Он сжимает мою руку с мягким упреком. — Это моя работа, Кэт. Если бы я этого не сделал, на этой койке была бы ты. Если бы ты вообще выжила.
Его голос звучит немного тверже, и мрачный тон заставляет меня покачать головой. — Значит, для тебя нормально оказаться здесь, но мне нет.
— Звучит примерно так. — Он пытается пошевелиться, подтянуться, прежде чем со стоном падает обратно. — Господи. Помоги мне подняться.
— Зачем? — Я осторожно обнимаю его за плечи. Страдальческий хрип вырывается у него, когда он вцепляется руками в металлические прутья по бокам кровати.
— Я выписываюсь.
Я роняю его. Наполовину от удивления, но и наполовину от явного гребаного раздражения, потому что Доменико Росси, несомненно, самый упрямый мужчина, которого я когда-либо встречала.
И это действительно о чем-то говорит, учитывая мое воспитание. — Ты не выписываешь!
Он бросает на меня страдальческий взгляд. — Ты не вернешься туда без меня. Я запрещаю это.
Теперь это официально — я раздражена на все сто, блядь, процентов.
Он стонет, когда я бью его в плечо: — Да твою ж мать, Кэт. Я в больнице, женщина. Сжалься хоть немного.
Скрестив руки, я сверлю его взглядом:
— Ты не можешь сидеть сразу на двух стульях, Доменико. И вообще — что, чёрт возьми, значит: я запрещаю?
— Кто-то пытался тебя отравить. Мне нужно выяснить, кто.

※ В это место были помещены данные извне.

(* Let $a,b\in \mathcal{A}^{\mathrm{gcEP}}$. Then the following are equivalent: (1) $a\leq^{\mathrm{gcEP}}b$. (2) There exist $e_1=aa^{\mathrm{gcEP}}$ and $e_2=e_2^*=e_2^2$ such that $a=\begin{pmatrix} t_1&s_1&s_2\\ 0&n_1&n_2\\ 0&n_3&n_4\end{pmatrix}_{e\times e}$, $b=\begin{pmatrix} t_1&s_1&s_2\\ 0&t_3&t_4\\ 0&0&t_5\end{pmatrix}_{e\times e}$, where $e=\{ e_1,e_2,1-e_1-e_2\}$, $t_1\in (e_1\mathcal{A}e_1)^{-1}$, $t_3\in (e_2\mathcal{A}e_2)^{-1}$ and $n_1+n_2+n_3+n_4,\ t_5\in \mathcal{A}^{qnil}$.
   Context: $\mathcal{A}$ is a complex Banach *-algebra with identity; $\mathcal{A}^{qnil}$ is the set of quasinilpotent elements. An element $a$ has a generalized core-EP inverse if there is $x$ with $x=ax^2$, $(ax)^*=ax$, $\lim_{n\to\infty}\|a^n-xa^{n+1}\|^{1/n}=0$; this $x$ is unique, denoted $a^{\mathrm{gcEP}}$, and $\mathcal{A}^{\mathrm{gcEP}}$ is the set of such $a$. For $a,b\in\mathcal{A}^{\mathrm{gcEP}}$, $a\leq^{\mathrm{gcEP}}b$ means $aa^{\mathrm{gcEP}}=ba^{\mathrm{gcEP}}$ and $a^{\mathrm{gcEP}}a=a^{\mathrm{gcEP}}b$. For a set $e=\{e_1,\dots,e_n\}$ of idempotents with $1=e_1+\cdots+e_n$ and $e_ie_j=0$ ($i\neq j$), an element $x$ is written in matrix form $x=(e_ixe_j)_{e\times e}$. *)

theory Defs
  imports "HOL-Analysis.Analysis"
begin

class complex_banach_star_algebra = real_normed_algebra_1 + banach +
  fixes scaleC :: "complex \<Rightarrow> 'a \<Rightarrow> 'a"
    and adj :: "'a \<Rightarrow> 'a"
  assumes scaleC_of_real: "scaleC (of_real r) x = scaleR r x"
    and scaleC_add_left: "scaleC (c + d) x = scaleC c x + scaleC d x"
    and scaleC_add_right: "scaleC c (x + y) = scaleC c x + scaleC c y"
    and scaleC_scaleC: "scaleC c (scaleC d x) = scaleC (c * d) x"
    and scaleC_one: "scaleC 1 x = x"
    and norm_scaleC: "norm (scaleC c x) = norm c * norm x"
    and mult_scaleC_left: "scaleC c x * y = scaleC c (x * y)"
    and mult_scaleC_right: "x * scaleC c y = scaleC c (x * y)"
    and adj_adj: "adj (adj x) = x"
    and adj_add: "adj (x + y) = adj x + adj y"
    and adj_mult: "adj (x * y) = adj y * adj x"
    and adj_scaleC: "adj (scaleC c x) = scaleC (cnj c) (adj x)"

context complex_banach_star_algebra
begin

text \<open>Quasinilpotent elements: spectral radius zero, i.e. lim ||a^n||^(1/n) = 0.\<close>
definition qnil :: "'a set" where
  "qnil = {a. (\<lambda>n. root n (norm (a ^ n))) \<longlonglongrightarrow> 0}"
text \<open>The supports S of the monomials x_S that can occur in a(x_k) for a Lie product a of pivot
  elements.\<close>
definition admissible :: "nat \<Rightarrow> nat set \<Rightarrow> bool" where
  "admissible k S \<longleftrightarrow> (\<exists>m r X. k = m + 3*r \<and> S = X \<union> pivot_block m r \<and> sparse_head m X)"

lemma sparse_head_subset: "sparse_head m X \<Longrightarrow> X \<subseteq> {..<m - 1}"
  unfolding sparse_head_def by auto

lemma pivot_block_bounds: "x \<in> pivot_block m r \<Longrightarrow> m \<le> x \<and> x + 2 \<le> m + 3*r"
  unfolding pivot_block_def by auto

lemma pivot_block_add: "pivot_block m (a + b) = pivot_block m a \<union> pivot_block (m + 3*a) b"
  by (induction b) (auto simp: pivot_block_Suc algebra_simps)

lemma finite_pivot_block: "finite (pivot_block m r)"
  by (induction r) (simp_all add: pivot_block_Suc)

lemma admissible_subset: "admissible k S \<Longrightarrow> S \<subseteq> {..<k - 1}"
  unfolding admissible_def by (force dest: sparse_head_subset pivot_block_bounds)

lemma admissible_finite: "admissible k S \<Longrightarrow> finite S"
  using admissible_subset finite_subset by blast

lemma admissible_pivot_block: "admissible (m + 3*r) (pivot_block m r)"
  unfolding admissible_def sparse_head_def by (intro exI[of _ m] exI[of _ r] exI[of _ "{}"]) simp

lemma sparse_head_substitute:
  assumes X: "sparse_head m X" and j: "j \<in> X" and S: "S \<subseteq> {..<j - 1}"
  shows "sparse_head m ((X - {j}) \<union> S)"
proof -
  consider (low) "X \<subseteq> {..<m - 2}" | (high) "2 \<le> m" "m - 2 \<in> X" "X - {m - 2} \<subseteq> {..<m - 4}"
    using X unfolding sparse_head_def by blast
  then show ?thesis
  proof cases
    case low
    then show ?thesis using j S unfolding sparse_head_def by force
  next
    case high
    show ?thesis
    proof (cases "j = m - 2")
      case True
      then show ?thesis using high S unfolding sparse_head_def by force
    next
      case False
      then have "j < m - 4" using high j by auto
      then show ?thesis using high S False unfolding sparse_head_def by force
    qed
  qed
qed

lemma admissible_substitute_head:
  assumes X: "sparse_head m X" and j: "j \<in> X" and S: "S \<subseteq> {..<j - 1}"
  shows "admissible (m + 3*r) (S \<union> (X \<union> pivot_block m r - {j}))"
proof -
  have "j \<notin> pivot_block m r" using j sparse_head_subset[OF X] pivot_block_bounds by force
  then have "S \<union> (X \<union> pivot_block m r - {j}) = ((X - {j}) \<union> S) \<union> pivot_block m r" by auto
  then show ?thesis
    unfolding admissible_def using sparse_head_substitute[OF X j S] by blast
qed
(* Under the standing assumptions below, $n^{-3/4}X_n^{(1)}\to0$ in probability as $n\to\infty$, where $$X_n^{(1)}=\sum_{y\in\mathbb Z}\epsilon_y\sum_{i=1}^{\eta_{n-1}(y)}\big(\xi_i^{(y)}-m\big).$$
   Context: Standing assumptions: $(\epsilon_y)_{y\in\mathbb Z}$ is a stationary sequence of $\{-1,+1\}$-valued associated random variables with $\mathbb P[\epsilon_0=\pm1]=\tfrac12$ and $\mathbb E[\epsilon_0\epsilon_y]=O(|y|^{-\alpha})$ for some $\alpha>1$. $Y$ is a simple symmetric random walk on $\mathbb Z$ with $Y_0=0$, independent of $\epsilon$. $(\xi_i^{(y)})_{i\ge1,y\in\mathbb Z}$ are i.i.d., independent of $(\epsilon,Y)$, with $\mathbb P[\xi_i^{(y)}=k]=\tfrac23(\tfrac13)^k$, $k\ge0$, mean $m=\tfrac12$. Local time: $\eta_n(y)=\sum_{k=0}^n\mathbf 1_{\{Y_k=y\}}$, $\eta_{-1}\equiv0$; empty sums are $0$. *)

theory Defs
  imports "HOL-Probability.Probability"
begin

definition stationary_seq :: "'a measure \<Rightarrow> (int \<Rightarrow> 'a \<Rightarrow> int) \<Rightarrow> bool" where
  "stationary_seq M eps \<longleftrightarrow>
     (\<forall>k::int. distr M (PiM UNIV (\<lambda>_. count_space UNIV)) (\<lambda>\<omega> y. eps (y + k) \<omega>)
             = distr M (PiM UNIV (\<lambda>_. count_space UNIV)) (\<lambda>\<omega> y. eps y \<omega>))"

text \<open>Association (Esary--Proschan--Walkup): for every finite index set I and all
  coordinatewise nondecreasing f, g of (eps_y)_{y in I}, Cov(f, g) >= 0.  The vector
  (eps_y)_{y in I} is encoded as the function that is eps_y on I and 0 off I.\<close>
definition associated_seq :: "'a measure \<Rightarrow> (int \<Rightarrow> 'a \<Rightarrow> int) \<Rightarrow> bool" where
  "associated_seq M eps \<longleftrightarrow>
     (\<forall>I::int set. \<forall>f g :: (int \<Rightarrow> real) \<Rightarrow> real. finite I \<longrightarrow>
        (\<forall>x z. (\<forall>i\<in>I. x i \<le> z i) \<longrightarrow> f x \<le> f z) \<longrightarrow>
        (\<forall>x z. (\<forall>i\<in>I. x i \<le> z i) \<longrightarrow> g x \<le> g z) \<longrightarrow>
        (let V = (\<lambda>\<omega> i. if i \<in> I then real_of_int (eps i \<omega>) else 0) in
          (\<integral>\<omega>. f (V \<omega>) * g (V \<omega>) \<partial>M)
            - (\<integral>\<omega>. f (V \<omega>) \<partial>M) * (\<integral>\<omega>. g (V \<omega>) \<partial>M) \<ge> 0))"

text \<open>Local time before time n: eta_{n-1}(y) = #{k \<le> n-1 : Y_k = y}
  (equal to 0 for n = 0, matching eta_{-1} = 0).\<close>
definition loc_time_before :: "(nat \<Rightarrow> 'a \<Rightarrow> int) \<Rightarrow> nat \<Rightarrow> int \<Rightarrow> 'a \<Rightarrow> nat" where
  "loc_time_before Y n y \<omega> = card {k. k < n \<and> Y k \<omega> = y}"

text \<open>Only sites
  y visited before time n contribute (other summands are empty sums), so the sum is taken over
  that finite set of sites.\<close>
definition X1 :: "(int \<Rightarrow> 'a \<Rightarrow> int) \<Rightarrow> (nat \<Rightarrow> 'a \<Rightarrow> int) \<Rightarrow> (nat \<Rightarrow> int \<Rightarrow> 'a \<Rightarrow> nat)
                  \<Rightarrow> real \<Rightarrow> nat \<Rightarrow> 'a \<Rightarrow> real" where
  "X1 eps Y xi m n \<omega> =
     (\<Sum>y\<in>(\<lambda>k. Y k \<omega>) ` {..<n}.
        real_of_int (eps y \<omega>) * (\<Sum>i=1..loc_time_before Y n y \<omega>. (real (xi i y \<omega>) - m)))"

end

Он продолжает пытаться подтянуться, но каждый раз терпит неудачу. Тем временем я стою там, постукивая ногами по полу и размышляя, не стоит ли мне просто нокаутировать его.
Он бы больше отдохнул. Я бы чувствовала себя намного спокойнее.
Кажется, что это беспроигрышный вариант.
Когда он, наконец, опускается обратно, его грудь тяжело вздымается, я подхожу и толкаю его в грудь. — Ты закончил?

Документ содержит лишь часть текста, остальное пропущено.